Internal mutations and microbes may drive a distinct subtype of oral cancer

A new study reveals that many oral cancers are no longer driven by traditional risk factors like smoking or Human papillomavirus infection. Instead, they arise from internal DNA damage and possible microbial influences. By analyzing tumor mutation patterns, researchers identified a distinct subtype of oral squamous cell carcinoma marked by immune evasion and antibacterial responses. These findings reshape our understanding of oral cancer and open the door to more precise, targeted treatments in the future.

Head and neck cancers, particularly those originating in the oral cavity, have historically been attributed to well-defined etiological factors like tobacco exposure, alcohol consumption, and infection with oncogenic strains of Human papillomavirus. These factors are known to drive majority of oral cavity squamous cell carcinomas (OCSCC), a major subtype of head and neck cancers. However, an increasing proportion of OCSCC cases are being diagnosed in individuals who lack exposure to these established risk factors, particularly among younger individuals and women. Despite these changing patterns, the causes of OCSCC in this group are still not well understood, highlighting the need for further research.

Researchers conducted this study to better understand this subgroup of oral cancers, referred to as NIRF (No Identified Risk Factor) OCSCC. The study was led by Dr. Jiri Zavadil from the International Agency for Research on Cancer (IARC), World Health Organization, Epigenomics and Mechanisms Branch, France, and Prof. François Virard from the Cancer Research Center of Lyon. Dr. Zavadil explains the motivation behind this study, "We aimed to uncover the molecular mechanisms driving these cancers and to determine whether they represent a distinct subtype with unique biological characteristics. Given that traditional carcinogenic exposures could not explain these cases, we sought to explore whether internal processes or alternative external influences might be responsible." The study was published in the International Journal of Oral Science journal on 24 April 2026.

The study utilized large-scale public cancer datasets from The Cancer Genome Atlas. After rigorous quality filtering, the researchers analyzed 347 head and neck cancer samples, including 253 oral cavity cancers and 94 laryngeal cancers used as smoking-related controls. Advanced genomic techniques and multi-omics analysis were employed to examine DNA mutations, gene expression, and epigenetic changes. A key methodological approach involved the identification of mutational signatures, which are characteristic patterns of mutations that reflect the underlying processes causing DNA damage. By clustering tumors based on these signatures, researchers were able to stratify patients into biologically meaningful groups.

The analysis revealed four distinct mutational clusters. Two were strongly linked to known risk factors such as smoking and alcohol use, characterized by signatures like SBS4 and SBS16. Tobacco-related mutations varied by anatomical site, with laryngeal cancers showing a higher mutation burden than oral cancers, highlighting tissue-specific responses to carcinogens. "We identified two clusters enriched with NIRF cases. They were dominated by endogenous processes, particularly the aging-related SBS1 signature and APOBEC-associated signatures (SBS2 and SBS13) suggesting that internal biological mechanisms, rather than external exposures, play a key role in NIRF OCSCC," shares Prof. Virard.

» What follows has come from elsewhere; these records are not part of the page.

lemma char_poly_reciprocal:
  fixes y :: rat
  assumes "y \<noteq> 0" and "\<And>p. h p \<le> h b1"
  shows "y ^ h b1 * poly (char_poly b0 b1 h) (1 / y) = (\<Sum>p\<in>UNIV. of_int (mobius b0 p) * y ^ h p)"
  unfolding char_poly_def poly_sum poly_monom sum_distrib_left
proof (intro sum.cong refl)
  fix p
  have "y ^ h b1 = y ^ h p * y ^ (h b1 - h p)"
    using assms(2)[of p] by (simp flip: power_add)
  with assms(1) show "y ^ h b1 * (of_int (mobius b0 p) * (1 / y) ^ (h b1 - h p)) =
      of_int (mobius b0 p) * y ^ h p"
    by (simp add: power_one_over field_simps)
qed

theorem mainTheorem1:
  fixes b0 b1 :: "'a::{finite,order}" and rk :: "'a \<Rightarrow> nat"
  assumes "\<forall>p. b0 \<le> p" and "\<forall>p. p \<le> b1"
    and "rk b0 = 0" and "\<forall>x y. covers x y \<longrightarrow> rk y = rk x + 1"
  shows "(\<forall>i. regular_at_0 (coeff (qZeta rk) i)) \<and>
         (\<forall>y::rat. y \<noteq> 0 \<longrightarrow>
            poly (map_poly eval_at_0 (qZeta rk)) (1 - y) = y ^ rk b1 * poly (char_poly b0 b1 rk) (1 / y))"
proof -
  interpret height_function rk
    by unfold_locales (rule strict_mono_if_covers, simp add: assms(4))
  define c where "c w = one_coord rk w * qmobius rk b0 w" for w
  have qZeta: "qZeta rk = (\<Sum>w\<in>UNIV. smult (c w) ([:1, qvar - 1:] ^ rk w))"
    unfolding c_def using assms(1,3) by (simp add: qZeta_eq)
  have c: "\<forall>w\<in>UNIV. regular_at_0 (c w)" "eval_at_0 (c w) = of_int (mobius b0 w)" for w
    using assms(1) by (simp_all add: c_def eval_qmobius)
  have "poly (map_poly eval_at_0 (qZeta rk)) (1 - y) = (\<Sum>w\<in>UNIV. of_int (mobius b0 w) * y ^ rk w)"
    for y :: rat
    by (simp add: qZeta map_poly_eval_at_0_sum_smult_pCons_1_power c poly_sum)
  moreover have "rk p \<le> rk b1" for p
    using assms(2) by (simp add: height_le)
  ultimately show ?thesis
    using c(1) by (simp add: qZeta regular_coeff_sum_smult_pCons_1_power char_poly_reciprocal)
qed

end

Importantly, no mutational signatures linked to known environmental carcinogens were identified in the NIRF tumor clusters, even though they showed biological heterogeneity, with one primarily driven by age-related mutations and the other by APOBEC-mediated mutagenesis. Further analyses revealed that NIRF tumors possess distinct molecular features, including unique driver gene mutations linked to immune function and cell signaling. Gene expression analysis indicated activation of antimicrobial and keratinization pathways, and the presence of bacterial components, histopathologically confirmed by the researchers, suggested a potential role of the oral microbiome in tumor development.

Clinically, these findings have important implications. NIRF tumors exhibited features of immune evasion, including alterations in antigen presentation pathways, which could potentially affect responses to immune checkpoint therapies. At the same time, APOBEC-driven mutagenesis points to potential sensitivity to therapies targeting DNA damage response pathways, suggesting possible future opportunities for precision medicine approaches. Overall, this study significantly refines our understanding of oral cancer by establishing NIRF OCSCC as a distinct molecular subtype. It highlights the importance of endogenous mutational processes, demonstrates site-specific effects of traditional risk factors, and suggests a possible contribution of microbial influences.

In conclusion, oral cancers arising in the absence of known risk factors represent a unique disease entity with distinct biological drivers. These findings pave the way for future research into their etiology, improve diagnostic classification, and open new avenues for targeted and more effective therapeutic strategies.